Data extracted from a collection:
(* Let $n\ge 2$ and sample $\mathbf C$ from the ensemble $\mathcal{R}_n$ described in the context. Then: (1) $\mathbf C$ is a symplectic matrix, i.e. $(\mathbf C\mathbf v)\odot(\mathbf C\mathbf w)=\mathbf v\odot\mathbf w$ for all $\mathbf v,\mathbf w\in\mathbb{Z}_2^{2n}$. (2) Let $\mathbf v_1,\dots,\mathbf v_{n-1}\in\mathbb{Z}_2^{2n}$ be a uniformly random basis of an $(n-1)$-dimensional isotropic subspace $V$, where $V$ is uniformly random subject to being symplectically orthogonal to $\mathbf f_1$ (sampled independently of $\mathbf C$), and let $\mathbf w_i:=\mathbf C\mathbf v_i$. Then the distribution of $(\mathbf w_1,\dots,\mathbf w_{n-1})$ is within total variation distance $\mathrm{negl}(n)$ of a uniformly random basis of a uniformly random $(n-1)$-dimensional isotropic subspace of $\mathbb{Z}_2^{2n}$.
   Context: Symplectic inner product on $\mathbb{Z}_2^{2n}$: $(\mathbf a,\mathbf b)\odot(\mathbf a',\mathbf b')=\mathbf a\cdot\mathbf b'+\mathbf a'\cdot\mathbf b \pmod 2$ for $\mathbf a,\mathbf b,\mathbf a',\mathbf b'\in\mathbb{Z}_2^n$. A subspace is isotropic if every two of its vectors are symplectically orthogonal. The standard symplectic basis is $\mathbf e_1,\dots,\mathbf e_n,\mathbf f_1,\dots,\mathbf f_n$, where $\mathbf e_i$ has a single $1$ in position $i$ and $\mathbf f_i$ has a single $1$ in position $n+i$. The ensemble $\mathcal{R}_n$ (random symplectic hyperplane rotation): sample $\mathbf r\sim\mathbb{Z}_2^{2n}$ uniformly. Let $k$ be the smallest index $k\ge1$ with $r_{n+k}=1$; if no such index exists, output $\mathbf C=\mathbf I$. Otherwise let $\mathbf r'$ equal $\mathbf r$ with entries $n+1$ and $n+k$ swapped. Let $\mathbf C_0$ be the linear map with $\mathbf e_1\mapsto\mathbf e_1$, $\mathbf f_1\mapsto\mathbf r'$, $\mathbf e_j\mapsto\mathbf e_j+(\mathbf r'\odot\mathbf e_j)\mathbf e_1$ and $\mathbf f_j\mapsto\mathbf f_j+(\mathbf r'\odot\mathbf f_j)\mathbf e_1$ for $j=2,\dots,n$. Let $\mathbf\Pi$ be the matrix swapping $\mathbf e_1\leftrightarrow\mathbf e_k$ and $\mathbf f_1\leftrightarrow\mathbf f_k$ and fixing all other $\mathbf e_j,\mathbf f_j$. Output $\mathbf C:=\mathbf\Pi\mathbf C_0$ (so $\mathbf C\mathbf f_1=\mathbf r$). *)

theory Defs
  imports "HOL-Probability.Probability_Mass_Function" "HOL-Library.Z2"
begin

:: Brief ::
The entries need to be set down again in full, with no word changed.

:: Result for this exercise ::
(* Let $n\ge 2$ and sample $\mathbf C$ from the ensemble $\mathcal{R}_n$ described in the context. Then: (1) $\mathbf C$ is a symplectic matrix, i.e. $(\mathbf C\mathbf v)\odot(\mathbf C\mathbf w)=\mathbf v\odot\mathbf w$ for all $\mathbf v,\mathbf w\in\mathbb{Z}_2^{2n}$. (2) Let $\mathbf v_1,\dots,\mathbf v_{n-1}\in\mathbb{Z}_2^{2n}$ be a uniformly random basis of an $(n-1)$-dimensional isotropic subspace $V$, where $V$ is uniformly random subject to being symplectically orthogonal to $\mathbf f_1$ (sampled independently of $\mathbf C$), and let $\mathbf w_i:=\mathbf C\mathbf v_i$. Then the distribution of $(\mathbf w_1,\dots,\mathbf w_{n-1})$ is within total variation distance $\mathrm{negl}(n)$ of a uniformly random basis of a uniformly random $(n-1)$-dimensional isotropic subspace of $\mathbb{Z}_2^{2n}$.
   Context: Symplectic inner product on $\mathbb{Z}_2^{2n}$: $(\mathbf a,\mathbf b)\odot(\mathbf a',\mathbf b')=\mathbf a\cdot\mathbf b'+\mathbf a'\cdot\mathbf b \pmod 2$ for $\mathbf a,\mathbf b,\mathbf a',\mathbf b'\in\mathbb{Z}_2^n$. A subspace is isotropic if every two of its vectors are symplectically orthogonal. The standard symplectic basis is $\mathbf e_1,\dots,\mathbf e_n,\mathbf f_1,\dots,\mathbf f_n$, where $\mathbf e_i$ has a single $1$ in position $i$ and $\mathbf f_i$ has a single $1$ in position $n+i$. The ensemble $\mathcal{R}_n$ (random symplectic hyperplane rotation): sample $\mathbf r\sim\mathbb{Z}_2^{2n}$ uniformly. Let $k$ be the smallest index $k\ge1$ with $r_{n+k}=1$; if no such index exists, output $\mathbf C=\mathbf I$. Otherwise let $\mathbf r'$ equal $\mathbf r$ with entries $n+1$ and $n+k$ swapped. Let $\mathbf C_0$ be the linear map with $\mathbf e_1\mapsto\mathbf e_1$, $\mathbf f_1\mapsto\mathbf r'$, $\mathbf e_j\mapsto\mathbf e_j+(\mathbf r'\odot\mathbf e_j)\mathbf e_1$ and $\mathbf f_j\mapsto\mathbf f_j+(\mathbf r'\odot\mathbf f_j)\mathbf e_1$ for $j=2,\dots,n$. Let $\mathbf\Pi$ be the matrix swapping $\mathbf e_1\leftrightarrow\mathbf e_k$ and $\mathbf f_1\leftrightarrow\mathbf f_k$ and fixing all other $\mathbf e_j,\mathbf f_j$. Output $\mathbf C:=\mathbf\Pi\mathbf C_0$ (so $\mathbf C\mathbf f_1=\mathbf r$). *)

theory Defs
  imports "HOL-Probability.Probability_Mass_Function" "HOL-Library.Z2"
begin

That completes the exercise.